Today it must be said hasn't been a great one with much rain and wind and indeed yesterday It even hailed stinging my legs which meant a quick return from the paper shop and brewing a hot cup of tea.
Another is because of, the majority of use had been mainly for purely personal headphone based use such as lp records copied to disc which is a faff on computer based systems as the interfaces aren't easy or selections from cd because for whole albums it's easier and quicker to just "rip" to Mp3 or Flac and play from a personal audio player especially as mine have line outputs too.
My circa 2004 Sharp MT MD 270H developed issues with the catch holding the disc getting out of alignment so the slightest nudge caused errors so I was able to get a similar era Sharp MT MD 170 that had had next to no use in its original box just needing a new "Gumstick" battery which while not very easy to find can be still bought as new manufactured stock so still capable of holding a full charge.

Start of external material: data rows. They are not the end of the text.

definition slice_sff :: "('n \<Rightarrow> real) \<Rightarrow> ('n \<Rightarrow> real) \<Rightarrow> real \<Rightarrow> real^'n \<Rightarrow> real^'n^'n" where
  "slice_sff a lb t0 s = (\<chi> k m. - christoffel1 (kasner_G a lb) None (Some k) (Some m) (t0, s))"

end

theory Submission
  imports Defs
begin

text \<open>For the flat metric the Lichnerowicz equation reads
  2 kappa q Delta phi = kappa tau0^2 phi^(q-1) - kappa mu^2 phi^(-q-1) (using sum b_k^2 = kappa);
  its right-hand side has the sign of phi - c with c = |mu/tau0|^(1/q).  A periodic solution
  attains its maximum and its minimum, where the Laplacian is <= 0 resp. >= 0, so
  max phi <= c <= min phi: the constant c is the only solution.  The generated data
  (c^(q-2) g, c^(-2) mu sigma + (tau0/n) c^(q-2) g) are diagonal, as are the Cauchy data of a
  Kasner slice, whose second fundamental form is K_kk = (a_k/t) g_kk; comparing them at
  t0 = 1/tau0 gives a_k = +-b_k + 1/n.\<close>

section \<open>Second derivatives at extrema of periodic functions\<close>

lemma DERIV_second_nonpos_at_max:
  fixes f f' :: "real \<Rightarrow> real"
  assumes f': "\<And>x. (f has_real_derivative f' x) (at x)"
    and f'': "(f' has_real_derivative D) (at x0)"
    and max: "\<And>x. f x \<le> f x0"
  shows "D \<le> 0"
proof (rule ccontr)
  assume "\<not> D \<le> 0"
  have "f' x0 = 0"
    using DERIV_local_max[OF f'[of x0], of 1] max by auto
  then obtain d where "d > 0" and incr: "\<And>h. 0 < h \<Longrightarrow> h < d \<Longrightarrow> 0 < f' (x0 + h)"
    using DERIV_pos_inc_right[OF f''] \<open>\<not> D \<le> 0\<close> by auto
  obtain z where "x0 < z" "z < x0 + d/2" and mvt: "f (x0 + d/2) - f x0 = d/2 * f' z"
    using MVT2[of x0 "x0 + d/2" f f'] f' \<open>d > 0\<close> by auto
  have "0 < f' z"
    using incr[of "z - x0"] \<open>x0 < z\<close> \<open>z < x0 + d/2\<close> by auto
  with \<open>d > 0\<close> have "f x0 < f (x0 + d/2)"
    using mvt mult_pos_pos[of "d/2" "f' z"] by linarith
  with max show False
    by (simp add: not_le[symmetric])
qed

lemma DERIV_second_nonneg_at_min:
  fixes f f' :: "real \<Rightarrow> real"
  assumes "\<And>x. (f has_real_derivative f' x) (at x)"
    and "(f' has_real_derivative D) (at x0)"
    and "\<And>x. f x0 \<le> f x"
  shows "D \<ge> 0"
  using DERIV_second_nonpos_at_max[of "\<lambda>x. - f x" "\<lambda>x. - f' x" "- D" x0] assms
  by (auto intro: DERIV_minus)

lemma DERIV_pd_line:
  assumes "has_pd k f"
  shows "((\<lambda>h. f (s + h *\<^sub>R axis k 1)) has_real_derivative pd k f (s + h *\<^sub>R axis k 1)) (at h)"
proof -
  have "((\<lambda>x. f ((s + h *\<^sub>R axis k 1) + x *\<^sub>R axis k 1)) has_real_derivative pd k f (s + h *\<^sub>R axis k 1)) (at 0)"
    using assms unfolding has_pd_def pd_def by (simp add: DERIV_deriv_iff_real_differentiable)
  moreover have "(\<lambda>x. f ((s + h *\<^sub>R axis k 1) + x *\<^sub>R axis k 1)) = (\<lambda>x. f (s + (x + h) *\<^sub>R axis k 1))"
    by (simp add: algebra_simps)
  ultimately show ?thesis
    using DERIV_shift[of "\<lambda>h. f (s + h *\<^sub>R axis k 1)" _ 0 h] by simp
qed

lemma pd_pd_nonpos_at_max:
  assumes "C2_fn f" and "\<And>s. f s \<le> f s0"
  shows "pd k (pd k f) s0 \<le> 0"
proof -
  have "has_pd k f" "has_pd k (pd k f)"
    using assms(1) unfolding C2_fn_def by auto
  then show ?thesis
    using DERIV_second_nonpos_at_max[OF DERIV_pd_line DERIV_pd_line[of k "pd k f" s0 0]] assms(2)
    by simp
qed

lemma pd_pd_nonneg_at_min:
  assumes "C2_fn f" and "\<And>s. f s0 \<le> f s"
  shows "pd k (pd k f) s0 \<ge> 0"
proof -
  have "has_pd k f" "has_pd k (pd k f)"
    using assms(1) unfolding C2_fn_def by auto
  then show ?thesis
    using DERIV_second_nonneg_at_min[OF DERIV_pd_line DERIV_pd_line[of k "pd k f" s0 0]] assms(2)
    by simp
qed

lemma periodic_fn_shift_int:
  assumes "periodic_fn f"
  shows "f (s + of_int m *\<^sub>R axis k 1) = f s"
proof (induction m rule: int_induct[where k = 0])
  case (step1 i)
  then show ?case
    using assms[unfolded periodic_fn_def, rule_format, of "s + of_int i *\<^sub>R axis k 1" k]
    by (simp add: algebra_simps)
next
  case (step2 i)
  then show ?case
    using assms[unfolded periodic_fn_def, rule_format, of "s + of_int (i - 1) *\<^sub>R axis k 1" k]
    by (simp add: algebra_simps)
qed simp

lemma periodic_fn_shift_int_vector:
  assumes "periodic_fn f"
  shows "f (s + (\<Sum>k\<in>F. of_int (m k) *\<^sub>R axis k 1)) = f s"
proof (induction F rule: infinite_finite_induct)
  case (insert k F)
  then show ?case
    using periodic_fn_shift_int[OF assms, of "s + (\<Sum>k\<in>F. of_int (m k) *\<^sub>R axis k 1)" "m k" k]
    by (simp add: ac_simps)
qed simp_all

This works very well with the controls operating the same way with both digital and analogue record levels being able to be set and a button to start charging when the power unit is inserted for mains operation.
Axia made a bunch of Hello Kitty and other Sanriotown banded blank uber kawaii MiniDiscs which are now highly collectable and those go for around £30 per disc unopened
They did so at the time Hello Kitty branded players including a MD Boombox!
I will have to say however in my experience Sony's personal recorders outside of the early MZ-R 30/35/50's from the mid 90's had by far the worst ergonomics for the controls of any, indeed those on my HiMD NH600 are an absolute beeping pain to use especially with sub menus that the rotary encoder is erratic at moving through.
Their home decks were in the main, much much better.